(Collected data entries)
--*--
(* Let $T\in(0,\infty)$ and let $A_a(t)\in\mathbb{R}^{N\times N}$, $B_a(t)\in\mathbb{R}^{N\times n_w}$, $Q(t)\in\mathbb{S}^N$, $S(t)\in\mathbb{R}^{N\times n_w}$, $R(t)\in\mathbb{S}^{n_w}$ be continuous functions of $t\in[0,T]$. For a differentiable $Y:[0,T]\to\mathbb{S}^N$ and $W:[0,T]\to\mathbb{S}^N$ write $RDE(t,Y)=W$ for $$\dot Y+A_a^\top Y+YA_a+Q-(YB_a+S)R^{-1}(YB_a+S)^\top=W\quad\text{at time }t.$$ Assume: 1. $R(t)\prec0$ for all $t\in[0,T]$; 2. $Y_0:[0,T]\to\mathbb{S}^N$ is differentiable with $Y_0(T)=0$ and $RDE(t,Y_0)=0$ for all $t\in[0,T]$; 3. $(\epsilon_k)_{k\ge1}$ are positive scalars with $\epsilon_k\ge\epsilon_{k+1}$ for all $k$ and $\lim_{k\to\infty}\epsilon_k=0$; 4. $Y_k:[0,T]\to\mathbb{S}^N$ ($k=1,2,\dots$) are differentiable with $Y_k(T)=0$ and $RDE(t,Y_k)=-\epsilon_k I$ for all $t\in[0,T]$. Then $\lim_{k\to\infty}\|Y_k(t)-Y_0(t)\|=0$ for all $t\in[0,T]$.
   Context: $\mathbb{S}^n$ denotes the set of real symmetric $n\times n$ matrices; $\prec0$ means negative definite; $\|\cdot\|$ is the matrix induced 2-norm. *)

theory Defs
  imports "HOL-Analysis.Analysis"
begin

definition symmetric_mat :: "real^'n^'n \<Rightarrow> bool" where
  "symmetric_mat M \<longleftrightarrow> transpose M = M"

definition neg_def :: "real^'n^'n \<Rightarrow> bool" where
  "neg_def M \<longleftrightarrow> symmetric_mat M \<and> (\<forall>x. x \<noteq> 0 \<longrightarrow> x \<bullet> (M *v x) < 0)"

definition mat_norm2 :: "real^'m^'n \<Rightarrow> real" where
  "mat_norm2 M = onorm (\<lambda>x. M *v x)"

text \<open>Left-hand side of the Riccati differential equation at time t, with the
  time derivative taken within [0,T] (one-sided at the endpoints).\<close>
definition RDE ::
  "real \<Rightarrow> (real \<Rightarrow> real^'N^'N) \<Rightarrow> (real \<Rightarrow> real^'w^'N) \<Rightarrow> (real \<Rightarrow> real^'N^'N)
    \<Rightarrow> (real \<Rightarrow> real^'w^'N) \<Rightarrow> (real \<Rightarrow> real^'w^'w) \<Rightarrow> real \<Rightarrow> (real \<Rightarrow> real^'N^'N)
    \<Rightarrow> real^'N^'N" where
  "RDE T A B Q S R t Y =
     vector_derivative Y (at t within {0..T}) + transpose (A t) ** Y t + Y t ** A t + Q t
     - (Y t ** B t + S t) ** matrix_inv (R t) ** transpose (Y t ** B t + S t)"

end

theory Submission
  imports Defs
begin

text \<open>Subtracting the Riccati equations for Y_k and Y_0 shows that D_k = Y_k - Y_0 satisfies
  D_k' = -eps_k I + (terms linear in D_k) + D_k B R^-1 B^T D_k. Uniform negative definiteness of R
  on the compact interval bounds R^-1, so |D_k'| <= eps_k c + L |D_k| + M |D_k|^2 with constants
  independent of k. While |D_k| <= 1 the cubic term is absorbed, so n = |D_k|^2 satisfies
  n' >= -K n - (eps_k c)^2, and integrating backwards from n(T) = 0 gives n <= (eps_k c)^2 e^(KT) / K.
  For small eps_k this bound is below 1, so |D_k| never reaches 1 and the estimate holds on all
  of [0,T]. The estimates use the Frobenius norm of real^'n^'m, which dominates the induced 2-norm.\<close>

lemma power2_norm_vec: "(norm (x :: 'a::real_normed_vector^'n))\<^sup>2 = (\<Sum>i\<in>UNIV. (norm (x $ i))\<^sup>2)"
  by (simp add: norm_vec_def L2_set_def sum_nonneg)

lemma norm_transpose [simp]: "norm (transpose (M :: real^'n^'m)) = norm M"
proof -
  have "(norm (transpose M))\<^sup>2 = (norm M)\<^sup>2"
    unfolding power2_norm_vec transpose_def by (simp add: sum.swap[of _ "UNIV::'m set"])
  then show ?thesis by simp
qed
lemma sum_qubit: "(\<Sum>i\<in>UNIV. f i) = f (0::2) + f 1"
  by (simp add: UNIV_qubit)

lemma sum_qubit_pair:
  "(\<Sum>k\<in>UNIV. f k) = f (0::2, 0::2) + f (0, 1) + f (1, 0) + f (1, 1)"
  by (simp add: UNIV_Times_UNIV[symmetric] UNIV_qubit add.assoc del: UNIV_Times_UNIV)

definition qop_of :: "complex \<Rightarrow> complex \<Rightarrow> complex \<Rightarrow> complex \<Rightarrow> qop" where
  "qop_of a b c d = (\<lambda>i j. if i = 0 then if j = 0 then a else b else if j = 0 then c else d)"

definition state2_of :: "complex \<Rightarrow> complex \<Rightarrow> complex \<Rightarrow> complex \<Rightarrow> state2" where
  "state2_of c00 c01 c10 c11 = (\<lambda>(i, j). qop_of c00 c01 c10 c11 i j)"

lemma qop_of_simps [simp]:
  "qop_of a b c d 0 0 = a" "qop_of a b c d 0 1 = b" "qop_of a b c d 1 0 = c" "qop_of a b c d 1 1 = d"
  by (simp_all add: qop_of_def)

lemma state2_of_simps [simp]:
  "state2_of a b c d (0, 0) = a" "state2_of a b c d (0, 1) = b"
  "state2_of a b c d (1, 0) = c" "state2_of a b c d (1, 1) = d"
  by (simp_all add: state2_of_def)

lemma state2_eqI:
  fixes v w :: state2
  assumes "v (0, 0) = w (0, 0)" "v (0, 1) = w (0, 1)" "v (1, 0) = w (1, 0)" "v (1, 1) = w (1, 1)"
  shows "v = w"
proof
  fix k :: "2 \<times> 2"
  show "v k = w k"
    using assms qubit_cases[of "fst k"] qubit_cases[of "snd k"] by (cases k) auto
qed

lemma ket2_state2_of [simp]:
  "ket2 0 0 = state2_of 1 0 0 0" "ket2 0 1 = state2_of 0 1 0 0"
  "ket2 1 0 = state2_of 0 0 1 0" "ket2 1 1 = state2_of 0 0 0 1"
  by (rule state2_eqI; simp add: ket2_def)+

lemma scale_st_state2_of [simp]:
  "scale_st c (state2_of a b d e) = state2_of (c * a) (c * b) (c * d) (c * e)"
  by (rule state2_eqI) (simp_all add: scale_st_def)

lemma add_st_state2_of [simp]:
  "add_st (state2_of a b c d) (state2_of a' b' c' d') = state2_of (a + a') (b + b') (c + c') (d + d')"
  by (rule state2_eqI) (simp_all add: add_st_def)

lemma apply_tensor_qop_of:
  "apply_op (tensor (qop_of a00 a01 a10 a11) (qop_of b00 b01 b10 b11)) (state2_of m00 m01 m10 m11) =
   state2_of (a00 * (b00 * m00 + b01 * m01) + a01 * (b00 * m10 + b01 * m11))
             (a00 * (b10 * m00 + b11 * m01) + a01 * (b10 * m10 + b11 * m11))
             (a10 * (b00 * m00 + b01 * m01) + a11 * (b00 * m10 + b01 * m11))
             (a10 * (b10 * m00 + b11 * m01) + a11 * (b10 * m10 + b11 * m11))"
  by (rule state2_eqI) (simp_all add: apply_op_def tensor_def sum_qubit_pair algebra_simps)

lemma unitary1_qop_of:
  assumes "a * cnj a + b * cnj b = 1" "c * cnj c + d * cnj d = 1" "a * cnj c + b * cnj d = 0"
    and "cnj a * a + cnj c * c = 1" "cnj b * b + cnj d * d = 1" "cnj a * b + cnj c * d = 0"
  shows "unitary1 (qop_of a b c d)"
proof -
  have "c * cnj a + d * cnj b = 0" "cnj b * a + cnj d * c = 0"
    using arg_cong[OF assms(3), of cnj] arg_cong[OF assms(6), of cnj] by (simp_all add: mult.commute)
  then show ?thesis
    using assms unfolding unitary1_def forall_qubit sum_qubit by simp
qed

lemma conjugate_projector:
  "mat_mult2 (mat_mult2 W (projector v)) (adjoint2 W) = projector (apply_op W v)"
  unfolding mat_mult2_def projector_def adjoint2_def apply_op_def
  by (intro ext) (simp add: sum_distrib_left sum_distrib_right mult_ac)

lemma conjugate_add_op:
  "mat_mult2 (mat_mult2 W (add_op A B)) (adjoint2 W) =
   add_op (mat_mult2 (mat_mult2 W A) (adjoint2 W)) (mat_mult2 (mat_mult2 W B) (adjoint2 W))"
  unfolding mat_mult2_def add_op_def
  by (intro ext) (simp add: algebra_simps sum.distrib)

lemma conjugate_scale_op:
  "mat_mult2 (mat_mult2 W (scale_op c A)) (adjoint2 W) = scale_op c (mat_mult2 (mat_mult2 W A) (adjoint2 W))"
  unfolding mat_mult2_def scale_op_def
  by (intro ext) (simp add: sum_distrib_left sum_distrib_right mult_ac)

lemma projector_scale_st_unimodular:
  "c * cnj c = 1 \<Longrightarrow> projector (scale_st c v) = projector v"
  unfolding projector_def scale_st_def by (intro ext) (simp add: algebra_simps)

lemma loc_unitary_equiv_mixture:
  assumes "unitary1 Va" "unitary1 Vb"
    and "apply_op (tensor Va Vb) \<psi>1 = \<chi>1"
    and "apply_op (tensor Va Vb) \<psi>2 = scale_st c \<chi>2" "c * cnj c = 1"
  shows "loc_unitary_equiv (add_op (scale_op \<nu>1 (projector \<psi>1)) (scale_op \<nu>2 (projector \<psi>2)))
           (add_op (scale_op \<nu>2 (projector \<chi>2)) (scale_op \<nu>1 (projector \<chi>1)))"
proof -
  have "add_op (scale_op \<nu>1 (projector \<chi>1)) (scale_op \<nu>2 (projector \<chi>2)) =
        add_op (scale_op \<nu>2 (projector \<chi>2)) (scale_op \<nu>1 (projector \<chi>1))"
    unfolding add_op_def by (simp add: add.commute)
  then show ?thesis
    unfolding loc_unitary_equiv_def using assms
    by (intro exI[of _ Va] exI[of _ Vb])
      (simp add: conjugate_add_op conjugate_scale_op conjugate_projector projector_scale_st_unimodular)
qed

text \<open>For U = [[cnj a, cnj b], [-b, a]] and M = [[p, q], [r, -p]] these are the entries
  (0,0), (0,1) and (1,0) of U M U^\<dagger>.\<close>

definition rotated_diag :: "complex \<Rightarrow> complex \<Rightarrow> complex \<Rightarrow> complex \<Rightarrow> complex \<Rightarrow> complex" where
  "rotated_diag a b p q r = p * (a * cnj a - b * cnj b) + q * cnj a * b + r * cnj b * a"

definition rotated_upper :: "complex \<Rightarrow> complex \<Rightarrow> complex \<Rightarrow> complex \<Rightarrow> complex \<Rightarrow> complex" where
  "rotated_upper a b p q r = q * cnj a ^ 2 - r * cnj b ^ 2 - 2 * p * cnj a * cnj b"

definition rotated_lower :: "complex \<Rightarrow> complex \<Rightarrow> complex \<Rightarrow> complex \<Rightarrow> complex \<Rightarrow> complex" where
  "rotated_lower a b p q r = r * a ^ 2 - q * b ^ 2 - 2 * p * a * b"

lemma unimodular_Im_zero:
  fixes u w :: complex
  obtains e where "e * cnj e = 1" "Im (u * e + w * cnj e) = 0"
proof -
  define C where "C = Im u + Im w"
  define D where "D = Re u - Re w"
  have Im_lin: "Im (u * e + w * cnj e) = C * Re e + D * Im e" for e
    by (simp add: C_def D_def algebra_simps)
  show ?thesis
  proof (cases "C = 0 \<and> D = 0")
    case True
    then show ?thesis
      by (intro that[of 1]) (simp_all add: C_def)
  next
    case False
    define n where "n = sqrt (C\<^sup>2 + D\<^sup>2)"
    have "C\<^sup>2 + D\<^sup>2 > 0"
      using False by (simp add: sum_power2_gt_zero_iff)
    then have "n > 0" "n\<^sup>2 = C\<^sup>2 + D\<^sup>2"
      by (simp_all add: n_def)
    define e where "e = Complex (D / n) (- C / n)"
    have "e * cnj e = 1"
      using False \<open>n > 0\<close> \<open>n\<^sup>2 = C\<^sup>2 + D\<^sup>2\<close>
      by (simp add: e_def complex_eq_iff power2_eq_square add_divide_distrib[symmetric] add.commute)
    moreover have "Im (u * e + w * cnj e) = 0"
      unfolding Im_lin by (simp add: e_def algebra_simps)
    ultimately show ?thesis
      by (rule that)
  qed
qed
--*--
Work instructions: Single out each line of the records above with the string "assms" in it, and copy it.

Completed exercise:
    using assms qubit_cases[of "fst k"] qubit_cases[of "snd k"] by (cases k) auto
    using arg_cong[OF assms(3), of cnj] arg_cong[OF assms(6), of cnj] by (simp_all add: mult.commute)
    using assms unfolding unitary1_def forall_qubit sum_qubit by simp
    unfolding loc_unitary_equiv_def using assms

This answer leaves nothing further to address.